> [ACTIVITY]:
Write out, word for word, every line in the data below from the one containing "1) \<le> xs" to the one containing "(\<lambda>i. xs !", both of them included.

> [GIVEN RECORDS]:

*** Block opens ***

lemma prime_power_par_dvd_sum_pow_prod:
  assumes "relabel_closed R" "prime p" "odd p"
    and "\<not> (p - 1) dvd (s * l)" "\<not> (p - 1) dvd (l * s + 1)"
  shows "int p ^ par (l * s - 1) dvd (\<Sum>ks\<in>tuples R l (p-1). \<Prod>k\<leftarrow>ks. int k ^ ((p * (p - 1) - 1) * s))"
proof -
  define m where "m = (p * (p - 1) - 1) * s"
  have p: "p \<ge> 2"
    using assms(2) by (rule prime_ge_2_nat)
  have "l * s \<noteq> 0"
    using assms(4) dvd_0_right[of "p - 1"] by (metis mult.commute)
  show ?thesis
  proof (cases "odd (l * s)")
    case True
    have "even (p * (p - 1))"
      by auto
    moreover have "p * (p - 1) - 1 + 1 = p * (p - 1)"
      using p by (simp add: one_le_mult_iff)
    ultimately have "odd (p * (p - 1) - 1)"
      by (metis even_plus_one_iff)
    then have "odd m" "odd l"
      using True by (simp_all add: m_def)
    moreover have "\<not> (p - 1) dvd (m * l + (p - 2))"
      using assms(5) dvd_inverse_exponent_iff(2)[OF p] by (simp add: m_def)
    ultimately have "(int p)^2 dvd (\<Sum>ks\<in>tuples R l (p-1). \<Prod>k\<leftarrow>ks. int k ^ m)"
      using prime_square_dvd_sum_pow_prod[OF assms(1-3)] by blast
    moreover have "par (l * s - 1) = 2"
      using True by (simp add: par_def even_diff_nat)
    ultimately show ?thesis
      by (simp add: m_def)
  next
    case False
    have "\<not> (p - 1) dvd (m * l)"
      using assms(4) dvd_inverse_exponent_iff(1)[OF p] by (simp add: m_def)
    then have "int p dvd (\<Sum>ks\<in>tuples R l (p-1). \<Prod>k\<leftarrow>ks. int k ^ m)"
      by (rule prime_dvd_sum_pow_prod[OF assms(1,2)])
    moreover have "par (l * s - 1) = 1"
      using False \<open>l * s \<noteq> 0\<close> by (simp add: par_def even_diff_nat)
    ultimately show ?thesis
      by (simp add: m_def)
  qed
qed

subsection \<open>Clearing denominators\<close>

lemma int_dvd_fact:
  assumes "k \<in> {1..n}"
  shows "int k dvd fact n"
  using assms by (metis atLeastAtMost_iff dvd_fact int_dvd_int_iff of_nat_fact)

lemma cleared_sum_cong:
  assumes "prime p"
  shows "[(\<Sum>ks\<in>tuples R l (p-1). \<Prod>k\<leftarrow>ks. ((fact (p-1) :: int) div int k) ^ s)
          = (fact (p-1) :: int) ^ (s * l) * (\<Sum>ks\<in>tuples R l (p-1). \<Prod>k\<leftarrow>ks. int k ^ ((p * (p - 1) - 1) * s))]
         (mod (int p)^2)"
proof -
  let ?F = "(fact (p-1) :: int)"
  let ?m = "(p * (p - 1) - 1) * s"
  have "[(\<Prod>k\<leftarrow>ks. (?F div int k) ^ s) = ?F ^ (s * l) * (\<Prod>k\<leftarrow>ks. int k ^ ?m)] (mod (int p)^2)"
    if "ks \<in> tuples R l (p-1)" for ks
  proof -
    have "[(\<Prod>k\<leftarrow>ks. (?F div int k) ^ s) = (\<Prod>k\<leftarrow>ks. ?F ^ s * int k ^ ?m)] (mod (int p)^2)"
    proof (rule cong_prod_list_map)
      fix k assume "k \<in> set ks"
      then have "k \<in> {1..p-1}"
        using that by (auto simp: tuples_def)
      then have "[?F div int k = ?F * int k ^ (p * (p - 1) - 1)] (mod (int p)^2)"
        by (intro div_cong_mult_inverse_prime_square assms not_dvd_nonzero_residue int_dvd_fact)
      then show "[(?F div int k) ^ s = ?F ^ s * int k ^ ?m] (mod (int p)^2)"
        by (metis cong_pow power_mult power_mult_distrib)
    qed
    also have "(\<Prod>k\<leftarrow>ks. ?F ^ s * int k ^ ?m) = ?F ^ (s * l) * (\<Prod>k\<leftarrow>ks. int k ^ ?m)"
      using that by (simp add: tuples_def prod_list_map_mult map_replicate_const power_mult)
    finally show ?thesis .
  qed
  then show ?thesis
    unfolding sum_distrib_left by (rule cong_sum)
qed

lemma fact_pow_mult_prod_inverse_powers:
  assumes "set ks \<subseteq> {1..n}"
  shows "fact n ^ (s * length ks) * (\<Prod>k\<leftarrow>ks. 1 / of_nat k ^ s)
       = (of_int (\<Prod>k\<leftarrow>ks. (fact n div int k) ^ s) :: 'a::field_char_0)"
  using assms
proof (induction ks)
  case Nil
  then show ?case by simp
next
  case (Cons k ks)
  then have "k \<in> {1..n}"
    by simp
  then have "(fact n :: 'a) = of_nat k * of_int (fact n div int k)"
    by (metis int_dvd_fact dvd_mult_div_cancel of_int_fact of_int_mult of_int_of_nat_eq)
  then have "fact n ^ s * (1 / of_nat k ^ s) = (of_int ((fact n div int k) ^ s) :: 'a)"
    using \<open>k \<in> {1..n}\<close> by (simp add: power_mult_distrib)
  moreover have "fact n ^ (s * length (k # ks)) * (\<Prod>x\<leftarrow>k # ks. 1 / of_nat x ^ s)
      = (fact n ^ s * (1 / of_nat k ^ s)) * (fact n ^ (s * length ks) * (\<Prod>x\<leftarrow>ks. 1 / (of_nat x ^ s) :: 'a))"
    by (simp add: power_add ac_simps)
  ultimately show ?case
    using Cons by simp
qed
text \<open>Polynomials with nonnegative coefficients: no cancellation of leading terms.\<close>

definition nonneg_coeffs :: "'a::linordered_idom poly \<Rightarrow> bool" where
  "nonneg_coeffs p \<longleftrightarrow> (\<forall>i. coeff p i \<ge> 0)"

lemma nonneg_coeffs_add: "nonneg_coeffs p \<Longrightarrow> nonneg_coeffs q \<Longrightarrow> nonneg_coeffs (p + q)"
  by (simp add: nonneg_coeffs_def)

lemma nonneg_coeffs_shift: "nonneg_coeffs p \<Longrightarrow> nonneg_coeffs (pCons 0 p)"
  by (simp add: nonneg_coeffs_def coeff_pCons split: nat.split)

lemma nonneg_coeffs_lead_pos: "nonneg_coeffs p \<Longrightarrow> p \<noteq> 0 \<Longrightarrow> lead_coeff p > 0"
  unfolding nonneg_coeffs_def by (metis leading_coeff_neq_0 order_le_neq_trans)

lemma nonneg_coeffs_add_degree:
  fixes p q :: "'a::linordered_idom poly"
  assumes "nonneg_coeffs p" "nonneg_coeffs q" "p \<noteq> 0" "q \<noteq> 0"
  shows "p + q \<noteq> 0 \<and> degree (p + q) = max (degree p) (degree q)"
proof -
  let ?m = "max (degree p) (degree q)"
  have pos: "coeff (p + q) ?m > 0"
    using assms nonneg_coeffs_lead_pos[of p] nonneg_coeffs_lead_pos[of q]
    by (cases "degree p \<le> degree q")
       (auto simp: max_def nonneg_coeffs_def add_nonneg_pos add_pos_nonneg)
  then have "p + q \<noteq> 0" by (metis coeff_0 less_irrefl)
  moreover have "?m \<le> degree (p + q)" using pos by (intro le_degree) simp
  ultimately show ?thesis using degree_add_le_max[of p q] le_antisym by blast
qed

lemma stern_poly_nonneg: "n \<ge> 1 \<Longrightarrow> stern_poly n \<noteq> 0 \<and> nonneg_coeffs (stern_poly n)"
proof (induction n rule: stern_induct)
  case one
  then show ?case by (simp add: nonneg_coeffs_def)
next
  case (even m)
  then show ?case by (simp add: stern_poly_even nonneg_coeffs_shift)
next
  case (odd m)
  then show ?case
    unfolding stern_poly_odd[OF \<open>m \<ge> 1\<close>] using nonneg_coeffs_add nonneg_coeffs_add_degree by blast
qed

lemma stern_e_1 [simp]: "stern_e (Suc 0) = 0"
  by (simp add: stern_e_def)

*** Block closes ***
*** Block opens ***

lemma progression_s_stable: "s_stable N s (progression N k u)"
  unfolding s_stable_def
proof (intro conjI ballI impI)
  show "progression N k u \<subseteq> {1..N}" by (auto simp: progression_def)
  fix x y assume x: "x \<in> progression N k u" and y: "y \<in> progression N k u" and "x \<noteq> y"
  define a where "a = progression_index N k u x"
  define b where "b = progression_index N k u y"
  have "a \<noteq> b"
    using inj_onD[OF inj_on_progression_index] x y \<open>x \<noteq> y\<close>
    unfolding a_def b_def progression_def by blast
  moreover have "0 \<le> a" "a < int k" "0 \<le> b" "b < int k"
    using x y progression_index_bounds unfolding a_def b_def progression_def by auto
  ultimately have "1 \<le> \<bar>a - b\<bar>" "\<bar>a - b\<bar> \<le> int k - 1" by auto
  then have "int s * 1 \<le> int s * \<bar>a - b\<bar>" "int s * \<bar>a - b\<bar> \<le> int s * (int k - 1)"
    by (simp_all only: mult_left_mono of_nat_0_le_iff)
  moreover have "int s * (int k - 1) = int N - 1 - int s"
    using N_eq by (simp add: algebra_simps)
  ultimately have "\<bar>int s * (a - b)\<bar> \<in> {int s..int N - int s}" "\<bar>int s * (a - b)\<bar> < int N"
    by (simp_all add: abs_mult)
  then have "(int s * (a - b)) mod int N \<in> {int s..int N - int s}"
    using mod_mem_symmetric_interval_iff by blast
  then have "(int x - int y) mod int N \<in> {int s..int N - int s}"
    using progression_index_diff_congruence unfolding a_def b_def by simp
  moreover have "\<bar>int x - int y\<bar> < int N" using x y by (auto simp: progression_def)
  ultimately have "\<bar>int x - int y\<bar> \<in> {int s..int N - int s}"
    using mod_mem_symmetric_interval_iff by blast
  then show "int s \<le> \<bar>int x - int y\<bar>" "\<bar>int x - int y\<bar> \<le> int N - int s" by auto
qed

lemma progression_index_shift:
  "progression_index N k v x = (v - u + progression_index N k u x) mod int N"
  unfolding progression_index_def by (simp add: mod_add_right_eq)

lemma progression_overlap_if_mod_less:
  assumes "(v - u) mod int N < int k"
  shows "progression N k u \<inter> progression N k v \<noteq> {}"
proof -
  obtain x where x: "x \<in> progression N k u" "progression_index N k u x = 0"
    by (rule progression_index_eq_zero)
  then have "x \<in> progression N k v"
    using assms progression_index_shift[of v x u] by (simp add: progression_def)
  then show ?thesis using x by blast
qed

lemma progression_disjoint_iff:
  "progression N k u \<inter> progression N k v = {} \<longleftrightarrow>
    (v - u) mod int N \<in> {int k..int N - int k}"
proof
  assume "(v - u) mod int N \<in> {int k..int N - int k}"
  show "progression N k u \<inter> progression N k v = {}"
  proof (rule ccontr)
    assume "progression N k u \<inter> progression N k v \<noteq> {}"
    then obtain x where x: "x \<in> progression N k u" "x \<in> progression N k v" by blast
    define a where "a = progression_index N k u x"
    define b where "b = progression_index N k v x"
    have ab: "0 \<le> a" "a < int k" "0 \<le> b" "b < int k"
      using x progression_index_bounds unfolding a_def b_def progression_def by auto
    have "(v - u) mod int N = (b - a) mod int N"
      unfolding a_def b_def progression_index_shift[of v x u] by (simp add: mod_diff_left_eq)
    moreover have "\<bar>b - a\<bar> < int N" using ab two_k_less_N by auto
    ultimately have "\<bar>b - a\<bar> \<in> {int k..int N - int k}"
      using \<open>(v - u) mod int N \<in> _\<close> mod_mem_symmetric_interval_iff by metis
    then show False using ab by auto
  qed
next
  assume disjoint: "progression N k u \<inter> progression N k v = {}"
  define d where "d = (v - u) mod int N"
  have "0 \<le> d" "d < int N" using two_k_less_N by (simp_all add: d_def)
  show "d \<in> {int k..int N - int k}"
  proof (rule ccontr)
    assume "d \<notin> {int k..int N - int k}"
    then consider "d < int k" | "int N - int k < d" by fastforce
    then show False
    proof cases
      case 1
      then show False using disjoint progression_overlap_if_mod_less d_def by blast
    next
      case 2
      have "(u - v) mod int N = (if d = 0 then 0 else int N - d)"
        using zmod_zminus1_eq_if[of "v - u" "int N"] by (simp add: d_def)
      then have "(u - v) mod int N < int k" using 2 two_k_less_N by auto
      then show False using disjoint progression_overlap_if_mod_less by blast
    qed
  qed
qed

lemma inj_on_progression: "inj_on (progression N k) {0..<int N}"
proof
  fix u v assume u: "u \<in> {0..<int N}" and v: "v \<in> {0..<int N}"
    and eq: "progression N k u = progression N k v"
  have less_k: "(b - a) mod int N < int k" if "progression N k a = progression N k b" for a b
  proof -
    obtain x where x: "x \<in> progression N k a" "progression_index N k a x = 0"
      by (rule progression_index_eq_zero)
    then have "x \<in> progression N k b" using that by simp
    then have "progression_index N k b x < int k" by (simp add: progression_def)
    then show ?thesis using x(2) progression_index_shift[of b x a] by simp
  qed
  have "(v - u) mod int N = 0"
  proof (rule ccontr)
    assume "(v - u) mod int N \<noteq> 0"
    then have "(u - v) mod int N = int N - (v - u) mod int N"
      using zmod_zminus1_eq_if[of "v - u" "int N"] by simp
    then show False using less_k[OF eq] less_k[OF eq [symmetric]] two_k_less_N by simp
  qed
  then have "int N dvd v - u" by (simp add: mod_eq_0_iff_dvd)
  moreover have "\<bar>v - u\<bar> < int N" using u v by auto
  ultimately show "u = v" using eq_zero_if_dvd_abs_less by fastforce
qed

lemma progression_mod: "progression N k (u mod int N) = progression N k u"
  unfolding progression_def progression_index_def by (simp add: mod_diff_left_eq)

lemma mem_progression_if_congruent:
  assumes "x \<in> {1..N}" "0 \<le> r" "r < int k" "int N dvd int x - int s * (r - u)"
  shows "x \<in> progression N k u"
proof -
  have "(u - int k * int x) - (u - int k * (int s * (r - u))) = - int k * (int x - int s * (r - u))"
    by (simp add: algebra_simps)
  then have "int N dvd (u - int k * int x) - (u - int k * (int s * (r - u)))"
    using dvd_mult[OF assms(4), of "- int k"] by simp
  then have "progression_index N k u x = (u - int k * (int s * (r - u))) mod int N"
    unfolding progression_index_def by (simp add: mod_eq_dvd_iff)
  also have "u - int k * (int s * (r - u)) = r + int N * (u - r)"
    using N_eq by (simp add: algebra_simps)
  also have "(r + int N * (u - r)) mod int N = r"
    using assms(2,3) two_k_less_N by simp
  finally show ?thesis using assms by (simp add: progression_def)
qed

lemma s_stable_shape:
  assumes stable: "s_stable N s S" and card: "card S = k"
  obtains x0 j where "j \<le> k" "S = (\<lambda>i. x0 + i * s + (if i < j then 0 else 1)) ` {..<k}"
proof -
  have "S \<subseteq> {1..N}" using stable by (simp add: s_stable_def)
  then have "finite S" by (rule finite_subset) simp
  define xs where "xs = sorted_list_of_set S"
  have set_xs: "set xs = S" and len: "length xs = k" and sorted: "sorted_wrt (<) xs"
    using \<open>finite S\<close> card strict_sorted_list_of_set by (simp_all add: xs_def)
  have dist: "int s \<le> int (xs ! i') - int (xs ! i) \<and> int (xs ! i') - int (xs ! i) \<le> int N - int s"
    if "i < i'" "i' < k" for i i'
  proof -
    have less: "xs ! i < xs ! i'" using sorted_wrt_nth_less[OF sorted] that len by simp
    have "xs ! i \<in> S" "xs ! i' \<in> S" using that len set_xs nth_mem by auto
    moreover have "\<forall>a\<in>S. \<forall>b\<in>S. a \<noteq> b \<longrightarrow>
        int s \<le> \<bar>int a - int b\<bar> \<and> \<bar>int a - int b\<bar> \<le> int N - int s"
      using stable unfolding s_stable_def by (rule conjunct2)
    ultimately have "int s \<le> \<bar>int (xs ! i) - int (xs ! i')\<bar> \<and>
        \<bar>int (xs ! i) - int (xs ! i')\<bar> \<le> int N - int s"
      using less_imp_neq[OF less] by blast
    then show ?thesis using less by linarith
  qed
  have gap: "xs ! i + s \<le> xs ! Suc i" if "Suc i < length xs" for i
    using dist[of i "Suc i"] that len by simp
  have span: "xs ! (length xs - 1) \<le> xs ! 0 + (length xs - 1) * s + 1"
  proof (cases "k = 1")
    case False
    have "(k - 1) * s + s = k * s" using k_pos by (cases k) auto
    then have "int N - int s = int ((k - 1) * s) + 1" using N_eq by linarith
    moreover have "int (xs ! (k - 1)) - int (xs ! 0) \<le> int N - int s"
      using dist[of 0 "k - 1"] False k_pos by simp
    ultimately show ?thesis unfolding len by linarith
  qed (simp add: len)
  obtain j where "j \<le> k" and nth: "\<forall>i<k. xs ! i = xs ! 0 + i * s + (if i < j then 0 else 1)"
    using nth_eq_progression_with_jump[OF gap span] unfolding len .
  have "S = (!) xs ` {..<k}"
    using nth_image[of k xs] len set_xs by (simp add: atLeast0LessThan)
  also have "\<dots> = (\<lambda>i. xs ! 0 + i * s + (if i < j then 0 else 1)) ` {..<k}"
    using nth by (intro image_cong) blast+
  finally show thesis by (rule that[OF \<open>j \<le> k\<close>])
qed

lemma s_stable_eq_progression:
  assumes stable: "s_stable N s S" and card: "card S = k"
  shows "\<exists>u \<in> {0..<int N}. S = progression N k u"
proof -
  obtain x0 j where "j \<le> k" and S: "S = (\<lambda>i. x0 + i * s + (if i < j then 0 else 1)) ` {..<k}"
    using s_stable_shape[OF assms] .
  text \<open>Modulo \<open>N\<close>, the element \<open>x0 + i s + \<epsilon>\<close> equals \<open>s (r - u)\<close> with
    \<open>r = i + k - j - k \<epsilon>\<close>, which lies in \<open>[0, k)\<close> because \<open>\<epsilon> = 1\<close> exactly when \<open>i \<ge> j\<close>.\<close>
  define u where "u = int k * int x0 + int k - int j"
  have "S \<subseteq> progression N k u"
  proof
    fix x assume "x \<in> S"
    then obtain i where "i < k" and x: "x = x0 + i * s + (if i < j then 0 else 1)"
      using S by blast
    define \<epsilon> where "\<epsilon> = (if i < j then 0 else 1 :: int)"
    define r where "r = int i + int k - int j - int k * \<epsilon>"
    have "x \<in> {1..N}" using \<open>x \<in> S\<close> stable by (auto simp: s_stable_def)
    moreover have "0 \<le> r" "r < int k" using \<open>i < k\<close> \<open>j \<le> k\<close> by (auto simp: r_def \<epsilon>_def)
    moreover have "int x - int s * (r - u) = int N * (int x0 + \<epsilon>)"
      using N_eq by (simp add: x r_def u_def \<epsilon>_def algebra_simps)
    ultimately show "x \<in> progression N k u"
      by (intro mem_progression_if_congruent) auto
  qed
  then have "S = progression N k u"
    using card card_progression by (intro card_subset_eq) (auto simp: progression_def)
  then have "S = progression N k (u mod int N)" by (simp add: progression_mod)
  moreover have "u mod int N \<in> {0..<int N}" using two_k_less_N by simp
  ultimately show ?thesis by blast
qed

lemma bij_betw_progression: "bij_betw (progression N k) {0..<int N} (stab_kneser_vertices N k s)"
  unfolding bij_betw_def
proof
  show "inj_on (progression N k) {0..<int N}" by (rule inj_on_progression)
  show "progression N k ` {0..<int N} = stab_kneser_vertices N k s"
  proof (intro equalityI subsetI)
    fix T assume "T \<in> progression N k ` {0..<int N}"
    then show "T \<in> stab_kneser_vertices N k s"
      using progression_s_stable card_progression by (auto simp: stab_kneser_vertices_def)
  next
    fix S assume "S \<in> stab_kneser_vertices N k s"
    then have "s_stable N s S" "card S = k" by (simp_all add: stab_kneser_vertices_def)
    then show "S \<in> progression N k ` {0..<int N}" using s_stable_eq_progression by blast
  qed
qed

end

*** Block closes ***
*** Block opens ***

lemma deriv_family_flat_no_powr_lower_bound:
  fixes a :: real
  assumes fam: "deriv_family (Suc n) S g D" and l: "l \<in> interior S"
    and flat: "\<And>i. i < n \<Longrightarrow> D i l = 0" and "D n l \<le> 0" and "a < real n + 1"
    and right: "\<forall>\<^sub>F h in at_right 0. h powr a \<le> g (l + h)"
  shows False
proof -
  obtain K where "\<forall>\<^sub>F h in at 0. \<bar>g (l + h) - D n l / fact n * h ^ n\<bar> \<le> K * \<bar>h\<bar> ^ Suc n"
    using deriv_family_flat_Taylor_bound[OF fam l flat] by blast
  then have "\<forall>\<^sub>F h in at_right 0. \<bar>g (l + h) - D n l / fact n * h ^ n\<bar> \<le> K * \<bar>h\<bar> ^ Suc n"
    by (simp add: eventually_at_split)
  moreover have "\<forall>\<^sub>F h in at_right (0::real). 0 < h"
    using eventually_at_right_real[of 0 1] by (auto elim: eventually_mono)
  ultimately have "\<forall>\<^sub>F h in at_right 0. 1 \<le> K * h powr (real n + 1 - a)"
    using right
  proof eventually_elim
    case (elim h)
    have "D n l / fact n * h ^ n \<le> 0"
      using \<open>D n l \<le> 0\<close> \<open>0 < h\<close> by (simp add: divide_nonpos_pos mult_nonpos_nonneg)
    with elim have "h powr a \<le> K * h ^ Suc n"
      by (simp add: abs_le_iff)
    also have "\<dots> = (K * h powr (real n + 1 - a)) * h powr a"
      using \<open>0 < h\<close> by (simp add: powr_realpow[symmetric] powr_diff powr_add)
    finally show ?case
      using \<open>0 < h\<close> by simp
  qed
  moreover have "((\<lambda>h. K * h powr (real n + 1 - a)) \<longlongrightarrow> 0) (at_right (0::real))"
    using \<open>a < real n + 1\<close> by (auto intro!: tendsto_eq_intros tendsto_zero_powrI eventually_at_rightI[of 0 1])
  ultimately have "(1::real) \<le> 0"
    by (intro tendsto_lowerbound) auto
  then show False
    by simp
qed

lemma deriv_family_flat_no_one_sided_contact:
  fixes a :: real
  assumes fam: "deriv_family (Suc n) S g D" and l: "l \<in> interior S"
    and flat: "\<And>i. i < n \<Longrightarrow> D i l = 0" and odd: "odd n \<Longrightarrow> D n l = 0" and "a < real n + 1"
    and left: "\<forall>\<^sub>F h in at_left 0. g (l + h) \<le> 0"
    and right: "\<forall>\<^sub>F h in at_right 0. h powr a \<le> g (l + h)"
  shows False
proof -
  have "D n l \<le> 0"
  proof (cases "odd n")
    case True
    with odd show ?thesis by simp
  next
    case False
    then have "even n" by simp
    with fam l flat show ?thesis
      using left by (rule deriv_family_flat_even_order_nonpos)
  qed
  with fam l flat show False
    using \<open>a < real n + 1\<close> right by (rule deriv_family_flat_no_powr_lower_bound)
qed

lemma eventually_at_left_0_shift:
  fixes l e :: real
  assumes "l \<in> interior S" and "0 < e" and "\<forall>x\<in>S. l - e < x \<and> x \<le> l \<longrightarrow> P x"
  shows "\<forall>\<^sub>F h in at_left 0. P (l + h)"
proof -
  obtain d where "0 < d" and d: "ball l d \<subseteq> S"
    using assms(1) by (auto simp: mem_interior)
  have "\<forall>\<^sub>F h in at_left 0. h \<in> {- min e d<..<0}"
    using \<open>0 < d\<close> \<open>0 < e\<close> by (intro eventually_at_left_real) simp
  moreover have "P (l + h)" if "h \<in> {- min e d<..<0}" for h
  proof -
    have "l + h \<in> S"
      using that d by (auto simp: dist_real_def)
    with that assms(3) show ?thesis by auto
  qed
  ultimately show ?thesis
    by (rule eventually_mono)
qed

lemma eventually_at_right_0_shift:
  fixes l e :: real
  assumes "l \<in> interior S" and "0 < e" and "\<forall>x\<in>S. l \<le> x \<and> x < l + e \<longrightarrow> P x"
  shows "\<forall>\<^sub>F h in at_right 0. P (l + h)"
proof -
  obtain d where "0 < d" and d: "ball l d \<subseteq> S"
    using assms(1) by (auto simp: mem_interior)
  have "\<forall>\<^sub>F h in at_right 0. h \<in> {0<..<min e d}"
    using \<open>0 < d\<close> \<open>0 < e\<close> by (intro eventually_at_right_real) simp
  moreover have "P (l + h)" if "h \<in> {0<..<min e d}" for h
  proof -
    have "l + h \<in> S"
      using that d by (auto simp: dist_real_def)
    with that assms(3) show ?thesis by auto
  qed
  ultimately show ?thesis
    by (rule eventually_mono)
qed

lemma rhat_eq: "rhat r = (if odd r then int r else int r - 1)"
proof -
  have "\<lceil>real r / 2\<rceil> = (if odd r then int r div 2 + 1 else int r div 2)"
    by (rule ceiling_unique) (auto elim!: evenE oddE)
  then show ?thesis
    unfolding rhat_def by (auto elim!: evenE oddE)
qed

*** Block closes ***

> [YOUR RESPONSE]:
  have span: "xs ! (length xs - 1) \<le> xs ! 0 + (length xs - 1) * s + 1"
  proof (cases "k = 1")
    case False
    have "(k - 1) * s + s = k * s" using k_pos by (cases k) auto
    then have "int N - int s = int ((k - 1) * s) + 1" using N_eq by linarith
    moreover have "int (xs ! (k - 1)) - int (xs ! 0) \<le> int N - int s"
      using dist[of 0 "k - 1"] False k_pos by simp
    ultimately show ?thesis unfolding len by linarith
  qed (simp add: len)
  obtain j where "j \<le> k" and nth: "\<forall>i<k. xs ! i = xs ! 0 + i * s + (if i < j then 0 else 1)"
    using nth_eq_progression_with_jump[OF gap span] unfolding len .
  have "S = (!) xs ` {..<k}"
    using nth_image[of k xs] len set_xs by (simp add: atLeast0LessThan)
  also have "\<dots> = (\<lambda>i. xs ! 0 + i * s + (if i < j then 0 else 1)) ` {..<k}"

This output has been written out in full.